Le successeur annoncé d’Iker Casillas au sein de la Roja, passé de l’Atletico Madrid à Manchester United l’été dernier, a connu une ascension supersonique malgré des problèmes de vue. Tentons d’y voir plus clair…

Il y a encore deux ans, son nom était totalement inconnu du grand public. Seuls les gens s’intéressant aux sélections de jeunes espagnoles – qu’il a fréquentées depuis les moins de 16 ans – ou les aficionados de la cantera (centre de formation) de l’Atletico Madrid connaissaient David de Gea, recruté par Manchester United l’été dernier. Il y a deux ans, il constituait le troisième choix dans la hiérarchie des portiers du club. C’était clair, net et précis. Number one : le grand espoir Sergio Asenjo, recruté pour 5 millions d’euros au Real Valladolid. Suivi par Roberto, dans le rôle de la doublure, et donc De Gea en trois.
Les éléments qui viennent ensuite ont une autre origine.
(* Let $T$ be a lifted graph, $F\colon T\to T$ a continuous sun-like map of degree 1 with branches $(X^i)_{i\in\Lambda}$, ${\cal P}=\{X^i_j\}$ a basic partition of $F$ and ${\cal G}$ its covering graph. Let $\alpha,\beta$ be vertices of ${\cal G}$ with an arrow $\alpha\to\beta$. Then there exist $A_0,\dots,A_n,A_{n+1}\in{\cal P}$ and $k\in\{1,\dots,N_{\ell(A_n)}\}$ such that $\alpha=A_0\dots A_n/\!\sim$, $\beta=A_0\dots A_nA_{n+1}/\!\sim$ and $A_{n+1}=X^{\ell(A_n)}_k$. Moreover, for all $j\in\{1,\dots,k-1\}$, $\langle\alpha\rangle$ positively $F$-covers $X^{\ell(A_n)}_j+p(A_n)$, and $\alpha\to X^{\ell(A_n)}_j$ is an arrow in ${\cal G}$.
   Context: A lifted graph is a connected topological space $T$ with a homeomorphism $h\colon\mathbb R\to h(\mathbb R)\subset T$ and a homeomorphism $\tau\colon T\to T$ such that $\tau(h(x))=h(x+1)$, the closure of each connected component of $T\setminus h(\mathbb R)$ is a topological finite graph meeting $h(\mathbb R)$ in exactly one point, and only finitely many such components have closure meeting $h([0,1])$. Identify $h(\mathbb R)$ with $\mathbb R$, write $x+m:=\tau^m(x)$; $r_{\mathbb R}\colon T\to\mathbb R$ is the identity on $\mathbb R$ and maps a component $C$ of $T\setminus\mathbb R$ to the point $\overline C\cap\mathbb R$. $F$ has degree 1 if $F(x+1)=F(x)+1$. Let $T_{\mathbb R}:=\overline{\bigcup_{n\ge0}F^n(\mathbb R)}$, $X:=\overline{T\setminus T_{\mathbb R}}\cap r_{\mathbb R}^{-1}([0,1))$. $F$ is sun-like if $(T\setminus T_{\mathbb R})\cap r_{\mathbb R}^{-1}([0,1))$ consists of finitely many intervals with pairwise disjoint closures $X^i$, $i\in\Lambda$ (branches), each a compact interval meeting $T_{\mathbb R}$ in one endpoint $\min X^i$ (fixing the order of $X^i$). For $j\in\Lambda$, $r_j\colon T\to X^j$ is $r_j(x)=x$ for $x\in X^j$ and $r_j(x)=\min X^j$ otherwise. Positive covering: for nonempty compact intervals $I\subset X^i$, $J\subset X^j$, $n\ge1$, $p\in\mathbb Z$, $I$ positively $F^n$-covers $J+p$ if there exist $x\le y$ in $I$ with $r_j(F^n(x)-p)\le\min J$ and $\max J\le r_j(F^n(y)-p)$ (order of $X^j$). A basic partition is a finite family ${\cal P}=\{X^i_j: i\in\Lambda, 1\le j\le N_i\}$ of pairwise disjoint nonempty compact intervals $X^i_1<\dots<X^i_{N_i}$ in $X^i$, with $\ell(X^i_j)\in\Lambda$, $p(X^i_j)\in\mathbb Z$, such that $F(X^i_j)\subset(X^{\ell(X^i_j)}+p(X^i_j))\cup\mathrm{Int}(T_{\mathbb R})$, $F(\min X^i_j)=\min X^{\ell(X^i_j)}+p(X^i_j)$, and $F(X\setminus\bigcup X^i_j)\cap(X+\mathbb Z)=\emptyset$. For $A_0,\dots,A_n\in{\cal P}$, $\langle A_0\dots A_n\rangle:=F^n(\{x\in T: F^i(x)\in A_i+\mathbb Z,\ 0\le i\le n\})\cap X$. $A_0\dots A_n\sim B_0\dots B_m$ iff for some $k\le\min(n,m)$, $A_{n-i}=B_{m-i}$ ($0\le i\le k$) and $\langle A_0\dots A_{n-k}\rangle=A_{n-k}=B_{m-k}=\langle B_0\dots B_{m-k}\rangle$. The covering graph ${\cal G}$: vertices are classes $A_0\dots A_n/\!\sim$ with $\langle A_0\dots A_n\rangle\ne\emptyset$; arrow $\alpha\to\beta$ iff $\alpha=A_0\dots A_n/\!\sim$, $\beta=A_0\dots A_nA_{n+1}/\!\sim$ for some $A_i\in{\cal P}$. For $B\in{\cal P}$, the vertex $B/\!\sim$ is denoted $B$. *)

theory Defs
  imports "HOL-Analysis.Analysis"
begin

definition fin_graph :: "'a topology \<Rightarrow> bool" where
  "fin_graph Y \<longleftrightarrow> Hausdorff_space Y \<and>
     (\<exists>V E. finite V \<and> finite E \<and> topspace Y = V \<union> \<Union>E \<and>
        (\<forall>e\<in>E. closedin Y e \<and>
           (\<exists>g. embedding_map (subtopology euclideanreal {0..1}) Y g \<and> g ` {0..1} = e \<and>
                g 0 \<in> V \<and> g 1 \<in> V \<and> (\<forall>t\<in>{0<..<1}. g t \<notin> V))) \<and>
        (\<forall>e\<in>E. \<forall>e'\<in>E. e \<noteq> e' \<longrightarrow> e \<inter> e' \<subseteq> V))"

text \<open>The space T is topspace XT; h embeds the real line; tau is the translation.\<close>
definition lifted_graph :: "'a topology \<Rightarrow> (real \<Rightarrow> 'a) \<Rightarrow> ('a \<Rightarrow> 'a) \<Rightarrow> bool" where
  "lifted_graph XT h \<tau> \<longleftrightarrow>
     connected_space XT \<and>
     embedding_map euclideanreal XT h \<and>
     homeomorphic_map XT XT \<tau> \<and>
     (\<forall>x. \<tau> (h x) = h (x + 1)) \<and>
     (\<forall>C \<in> connected_components_of (subtopology XT (topspace XT - range h)).
         fin_graph (subtopology XT (XT closure_of C)) \<and>
         (\<exists>!q. q \<in> (XT closure_of C) \<inter> range h)) \<and>
     finite {C \<in> connected_components_of (subtopology XT (topspace XT - range h)).
               (XT closure_of C) \<inter> h ` {0..1} \<noteq> {}}"

text \<open>x + m := tau^m(x), for m an integer.\<close>
definition tshift :: "'a topology \<Rightarrow> ('a \<Rightarrow> 'a) \<Rightarrow> int \<Rightarrow> 'a \<Rightarrow> 'a" where
  "tshift XT \<tau> m x = (if 0 \<le> m then (\<tau> ^^ nat m) x
                      else (inv_into (topspace XT) \<tau> ^^ nat (- m)) x)"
Le gardien titulaire de l’équipe… B des Colchoneros. Soit la réserve de la réserve. Pour bouleverser cet ordre bien établi, il fallait bien quelques concours de circonstance.
Le 30 septembre 2009, l’Atletico se déplace à Porto dans le cadre de la Ligue des champions. Asenjo, parti disputer le Mondial des moins de 20 ans en Egypte avec la Seleccion, Roberto enfile logiquement les gants dans l’antre du Dragao tandis que David s’assoit sur le banc. Pas pour longtemps puisque le n°2 devenu n°1 par intérim doit rapidement céder sa place sur blessure. Et voilà comment un môme – pas encore 19 ans – se retrouve tout à coup, dans la plus prestigieuse des compétitions européennes, sous les coups de feu nourris du Dragon. Même pas peur. Même pas impressionné. Si le néophyte ne peut empêcher la défaite, il dégage une incroyable sérénité, rassure par son placement et la sûreté de ses prises de balle et intervient avec à-propos sur quelques actions brûlantes. On appelle ça un baptême du feu réussi.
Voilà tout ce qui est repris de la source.